The Correct Answer and Explanation is:
The correct answer is 50.
To find the percent decrease in the average number of visits each week, we can use the formula for percent change. The formula is: ((Original Value – New Value) / Original Value) * 100. We need to apply this calculation to consecutive weeks from the table to determine if the rate of decrease is constant.
Let’s first calculate the percent decrease from Week 0 to Week 1.
The original value (visits at Week 0) is 48,000.
The new value (visits at Week 1) is 24,000.
First, we find the difference in visits: 48,000 – 24,000 = 24,000.
Next, we divide this difference by the original value: 24,000 / 48,000 = 0.5.
Finally, we convert this decimal to a percentage by multiplying by 100: 0.5 * 100 = 50%.
So, the decrease from Week 0 to Week 1 was 50%.
To confirm this is the constant weekly decrease, let’s perform the same calculation for the next interval, from Week 1 to Week 2.
The original value (visits at Week 1) is 24,000.
The new value (visits at Week 2) is 12,000.
The difference in visits is: 24,000 – 12,000 = 12,000.
Now, we divide this difference by the original value for this period: 12,000 / 24,000 = 0.5.
Converting to a percentage gives us: 0.5 * 100 = 50%.

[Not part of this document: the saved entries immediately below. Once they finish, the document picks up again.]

lemma exists_third_turn_compatible_between:
  fixes p q e0 e1 :: "'a::real_inner"
  assumes start: "(norm (p - q))\<^sup>2 * (e0 \<bullet> e0) < 3 * ((p + q) \<bullet> e0)\<^sup>2"
    and "p \<bullet> e1 = 0" and shallow: "4 * (q \<bullet> e1)\<^sup>2 < (norm (q - p))\<^sup>2 * (e1 \<bullet> e1)"
  shows "\<exists>t. 0 \<le> t \<and> t < 1 \<and> third_turn_compatible p q ((1 - t) *\<^sub>R e0 + t *\<^sub>R e1)"
proof -
  define E where "E t = (1 - t) *\<^sub>R e0 + t *\<^sub>R e1" for t
  define G where "G t = (norm (p - q))\<^sup>2 * (E t \<bullet> E t) - 3 * ((p + q) \<bullet> E t)\<^sup>2
                          - ((p - q) \<bullet> E t)\<^sup>2" for t
  have "G 0 = (norm (p - q))\<^sup>2 * (e0 \<bullet> e0) - 3 * ((p + q) \<bullet> e0)\<^sup>2 - ((p - q) \<bullet> e0)\<^sup>2"
    by (simp add: G_def E_def)
  then have "G 0 < 0"
    using start zero_le_power2[of "(p - q) \<bullet> e0"] by linarith
  moreover have "G 1 > 0"
  proof -
    have "(p + q) \<bullet> e1 = q \<bullet> e1" "(p - q) \<bullet> e1 = - (q \<bullet> e1)"
      using \<open>p \<bullet> e1 = 0\<close> by (simp_all add: inner_add_left inner_diff_left)
    then have "G 1 = (norm (q - p))\<^sup>2 * (e1 \<bullet> e1) - 4 * (q \<bullet> e1)\<^sup>2"
      by (simp add: G_def E_def norm_minus_commute)
    with shallow show ?thesis
      by linarith
  qed
  moreover have "continuous_on {0..1} G"
    unfolding G_def E_def by (intro continuous_intros)
  ultimately obtain t where "0 \<le> t" "t \<le> 1" "G t = 0"
    using IVT'[of G 0 0 1] by auto
  moreover have "t \<noteq> 1"
    using \<open>G t = 0\<close> \<open>G 1 > 0\<close> by auto
  ultimately show ?thesis
    by (auto simp: third_turn_compatible_def G_def E_def)
qed
lemma graph_asms_stable_ext:
  assumes "is_dag (V, E)"
  shows "stable_ext (dag_rules V) (dag_asms V) dag_ctr (graph_asms V E)"
proof -
  let ?S = "graph_asms V E"
  have E: "E \<subseteq> V \<times> V" "acyclic E" using assms unfolding is_dag_def by simp_all
  have asym: "(x, y) \<notin> E \<or> (y, x) \<notin> E" for x y
    using E(2) unfolding acyclic_def by (meson r_into_trancl trancl_trans)
  have sub: "?S \<subseteq> dag_asms V"
  proof
    fix c assume "c \<in> ?S"
    then consider x y where "c = Arr x y" "(x, y) \<in> E"
      | x y where "c = Noe {x, y}" "x \<in> V" "y \<in> V" "x \<noteq> y"
      unfolding graph_asms_def by blast
    then show "c \<in> dag_asms V"
    proof cases
      case (1 x y)
      then show ?thesis using E(1) asym[of x y] by auto
    next
      case (2 x y)
      then show ?thesis unfolding dag_asms_def by blast
    qed
  qed
  have single: "\<exists>b. pair_asms x y \<inter> ?S = {b}" if "x \<in> V" "y \<in> V" "x \<noteq> y" for x y
    using pair_asms_inter_graph_asms[OF that asym] by simp
  have cf: "conflict_free (dag_rules V) (dag_asms V) dag_ctr ?S"
    unfolding conflict_free_dag_iff[OF sub] arrows_graph_asms
  proof (intro conjI ballI impI E(2))
    fix x y a a'
    assume "x \<in> V" "y \<in> V" "x \<noteq> y" and a: "a \<in> pair_asms x y \<inter> ?S" "a' \<in> pair_asms x y \<inter> ?S"
    then obtain b where "pair_asms x y \<inter> ?S = {b}" using single by blast
    then show "a = a'" using a by simp
  qed
  have attacks_rest: "attacks (dag_rules V) (dag_asms V) dag_ctr ?S {a}"
    if a: "a \<in> dag_asms V - ?S" for a
  proof -
    obtain x y where xy: "x \<in> V" "y \<in> V" "x \<noteq> y" "a \<in> pair_asms x y"
      using a unfolding dag_asms_conv_pair_asms by blast
    obtain b where "pair_asms x y \<inter> ?S = {b}" using single[OF xy(1-3)] by blast
    then have "b \<in> pair_asms x y \<inter> ?S" by simp
    then have b: "b \<in> pair_asms x y" "b \<in> ?S" "a \<noteq> b" using a by auto
    have "(Ctr a, {b}) \<in> dag_rules V" using pair_rule_in_dag_rules[OF xy b(1,3)] .
    then show ?thesis unfolding attacks_dag_iff using b(2) by (intro exI[of _ "{b}"]) simp
  qed
  show ?thesis by (rule stable_extI[OF sub cf]) (use attacks_rest in blast)
qed

theorem proposition1:
  fixes V :: "'v set" and \<sigma> :: semantics
  assumes "finite V"
  shows "{(V, {(x, y). Arr x y \<in> S}) | S. sem_ext \<sigma> (dag_rules V) (dag_asms V) dag_ctr S}
         = {G. is_dag G \<and> fst G = V}"
proof (intro equalityI subsetI)
  fix G assume "G \<in> {(V, {(x, y). Arr x y \<in> S}) | S. sem_ext \<sigma> (dag_rules V) (dag_asms V) dag_ctr S}"
  then show "G \<in> {G. is_dag G \<and> fst G = V}"
    using sem_ext_is_dag unfolding arrows_def by auto
next
  fix G assume "G \<in> {G. is_dag G \<and> fst G = V}"
  then obtain E where G: "G = (V, E)" "is_dag (V, E)" by (cases G) auto
  then have "sem_ext \<sigma> (dag_rules V) (dag_asms V) dag_ctr (graph_asms V E)"
    by (blast intro: stable_ext_imp_sem_ext graph_asms_stable_ext)
  then show "G \<in> {(V, {(x, y). Arr x y \<in> S}) | S. sem_ext \<sigma> (dag_rules V) (dag_asms V) dag_ctr S}"
    using arrows_graph_asms[of V E] unfolding G(1) arrows_def by blast
qed

end
lemma minimal_factorization_Q_iff:
  "X \<subseteq> S \<Longrightarrow> minimal_factorization Q X as \<longleftrightarrow> minimal_factorization P X as"
  by (simp add: Q.minimal_factorization_P_iff minimal_factorization_P_iff factorization_Q_iff)

lemma UmF_Q:
  assumes "UmF P"
  shows "UmF Q"
  unfolding UmF_def
proof (intro conjI ballI allI impI Q.factorable_P)
  fix X as bs
  assume X: "X \<in> carrier Q" and min: "minimal_factorization Q X as \<and> minimal_factorization Q X bs"
  then have "X \<subseteq> S" "X \<in> carrier P"
    using carrier_Q_iff by auto
  then have "word_equiv P as bs"
    using assms min minimal_factorization_Q_iff unfolding UmF_def by blast
  moreover have "set as \<subseteq> carrier Q" "set bs \<subseteq> carrier Q"
    using min by (metis factorization_subset_carrier minimal_factorization_imp_factorization)+
  moreover from calculation(2,3) have "set as \<subseteq> carrier P" "set bs \<subseteq> carrier P"
    by (auto simp: carrier_Q_iff)
  ultimately show "word_equiv Q as bs"
    by (simp add: word_equiv_P_iff Q.word_equiv_P_iff)
qed

end

section \<open>Removing an involutive unit\<close>

locale power_monoid_involution = power_monoid +
  fixes u
  assumes u_closed: "u \<in> carrier H" and u_neq_one: "u \<noteq> \<one>" and u_square: "u \<otimes> u = \<one>"
    and u_absorbed: "\<And>y. y \<in> carrier H \<Longrightarrow> y \<noteq> \<one> \<Longrightarrow> y \<noteq> u \<Longrightarrow> u \<otimes> y = y \<and> y \<otimes> u = y"
    and mult_neq_u: "\<And>x y. x \<in> carrier H \<Longrightarrow> y \<in> carrier H \<Longrightarrow> x \<noteq> u \<Longrightarrow> y \<noteq> u \<Longrightarrow> x \<otimes> y \<noteq> u"
begin

sublocale N: power_submonoid H "carrier H - {u}"
  by unfold_locales (use u_neq_one mult_neq_u in auto)

declare N.mem_carrier [simp del] \<comment> \<open>for \<open>S = carrier H - {u}\<close> this rule makes the simplifier loop\<close>

text \<open>Sending \<open>u\<close> to \<open>\<one>\<close> is a homomorphism \<open>H \<rightarrow> H - {u}\<close>; on sets containing \<open>\<one>\<close> its image
  map is \<open>X \<mapsto> X - {u}\<close>.\<close>

definition retract :: "'a \<Rightarrow> 'a" where
  "retract x = (if x = u then \<one> else x)"

lemma retract_closed: "x \<in> carrier H \<Longrightarrow> retract x \<in> carrier H"
  by (simp add: retract_def)

lemma retract_mult_u:
  assumes "x \<in> carrier H"
  shows "retract (u \<otimes> x) = retract x" "retract (x \<otimes> u) = retract x"
proof -
  consider "x = u" | "x = \<one>" | "x \<noteq> u" "x \<noteq> \<one>"
    by blast
  then have "u \<otimes> x = x \<and> x \<otimes> u = x \<or> retract (u \<otimes> x) = \<one> \<and> retract (x \<otimes> u) = \<one> \<and> retract x = \<one>"
  proof cases
    case 1
    then show ?thesis
      using u_square u_neq_one by (simp add: retract_def)
  next
    case 2
    then show ?thesis
      using u_closed by (simp add: retract_def)
  next
    case 3
    then show ?thesis
      using u_absorbed[OF assms] by simp
  qed
  then show "retract (u \<otimes> x) = retract x" "retract (x \<otimes> u) = retract x"
    by (elim disjE conjE; simp)+
qed

lemma retract_mult:
  assumes "a \<in> carrier H" "b \<in> carrier H"
  shows "retract (a \<otimes> b) = retract a \<otimes> retract b"
proof (cases "a = u \<or> b = u")
  case False
  then show ?thesis
    using assms mult_neq_u by (simp add: retract_def)
next
  case True
  have "retract u = \<one>"
    by (simp add: retract_def)
  with True show ?thesis
    using assms retract_mult_u retract_closed by (elim disjE) simp_all
qed

lemma Diff_u_eq_image_retract:
  assumes "X \<in> carrier P"
  shows "X - {u} = retract ` X"
proof (intro Set.set_eqI iffI)
  fix x
  assume "x \<in> X - {u}"
  then have "x \<in> X" "retract x = x"
    by (simp_all add: retract_def)
  then show "x \<in> retract ` X"
    by (metis image_eqI)
next
  fix y
  assume "y \<in> retract ` X"
  then obtain x where "x \<in> X" "y = retract x"
    by blast
  then show "y \<in> X - {u}"
    using one_mem_P[OF assms] u_neq_one by (cases "x = u") (simp_all add: retract_def)
qed

lemma retract_image_mult:
  assumes "A \<in> carrier P" "B \<in> carrier P"
  shows "retract ` (A \<otimes>\<^bsub>P\<^esub> B) = retract ` A \<otimes>\<^bsub>P\<^esub> retract ` B"
proof -
  have hom: "retract (a \<otimes> b) = retract a \<otimes> retract b" if "a \<in> A" "b \<in> B" for a b
    using that assms subset_carrier_P retract_mult by blast
  show ?thesis
  proof (intro Set.set_eqI iffI)
    fix z
    assume "z \<in> retract ` (A \<otimes>\<^bsub>P\<^esub> B)"
    then obtain a b where "a \<in> A" "b \<in> B" "z = retract (a \<otimes> b)"
      by (auto simp: mem_mult_Pfin1_iff)
    then show "z \<in> retract ` A \<otimes>\<^bsub>P\<^esub> retract ` B"
      using hom by (simp add: mult_Pfin1_memI)
  next
    fix z
    assume "z \<in> retract ` A \<otimes>\<^bsub>P\<^esub> retract ` B"
    then obtain a b where "a \<in> A" "b \<in> B" "z = retract a \<otimes> retract b"
      by (auto simp: mem_mult_Pfin1_iff)
    then show "z \<in> retract ` (A \<otimes>\<^bsub>P\<^esub> B)"
      using hom by (metis image_eqI mult_Pfin1_memI)
  qed
qed

lemma Diff_u_mult:
  assumes "A \<in> carrier P" "B \<in> carrier P"
  shows "(A \<otimes>\<^bsub>P\<^esub> B) - {u} = (A - {u}) \<otimes>\<^bsub>P\<^esub> (B - {u})"
  using retract_image_mult[OF assms] assms P.m_closed by (simp add: Diff_u_eq_image_retract)

lemma u_mem_mult_iff:
  assumes "A \<in> carrier P" "B \<in> carrier P"
  shows "u \<in> A \<otimes>\<^bsub>P\<^esub> B \<longleftrightarrow> u \<in> A \<or> u \<in> B"
proof
  assume "u \<in> A \<otimes>\<^bsub>P\<^esub> B"
  then obtain a b where ab: "a \<in> A" "b \<in> B" "u = a \<otimes> b"
    by (auto simp: mem_mult_Pfin1_iff)
  moreover have "a \<in> carrier H" "b \<in> carrier H"
    using ab assms subset_carrier_P by auto
  ultimately show "u \<in> A \<or> u \<in> B"
    using mult_neq_u by metis
next
  assume "u \<in> A \<or> u \<in> B"
  then show "u \<in> A \<otimes>\<^bsub>P\<^esub> B"
    using subset_mult_left[OF assms] subset_mult_right[OF assms] by auto
qed

lemma pair_u_mult:
  assumes Z: "Z \<in> carrier P" "u \<notin> Z"
  shows "{\<one>, u} \<otimes>\<^bsub>P\<^esub> Z = insert u Z"
proof -
  have "u \<otimes> z \<in> insert u Z" if "z \<in> Z" for z
  proof (cases "z = \<one>")
    case False
    then have "u \<otimes> z = z"
      using u_absorbed[of z] that Z subset_carrier_P by blast
    then show ?thesis
      using that by simp
  qed (simp add: u_closed)
  moreover have "u \<in> (\<lambda>z. u \<otimes> z) ` Z"
    using one_mem_P[OF Z(1)] u_closed by (metis image_eqI r_one)
  ultimately show ?thesis
    using pair_mult_left[OF u_closed subset_carrier_P[OF Z(1)]] by blast
qed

The pattern continues for the entire dataset. For example, from Week 2 (12,000 visits) to Week 3 (6,000 visits), the number of visits is halved, which represents a 50% decrease. This consistent reduction, where the number of visits is cut in half each week, confirms that the weekly percent decrease is constant. This type of change is characteristic of exponential decay. Therefore, the percent decrease in the average number of visits each week since the end of the season was 50%.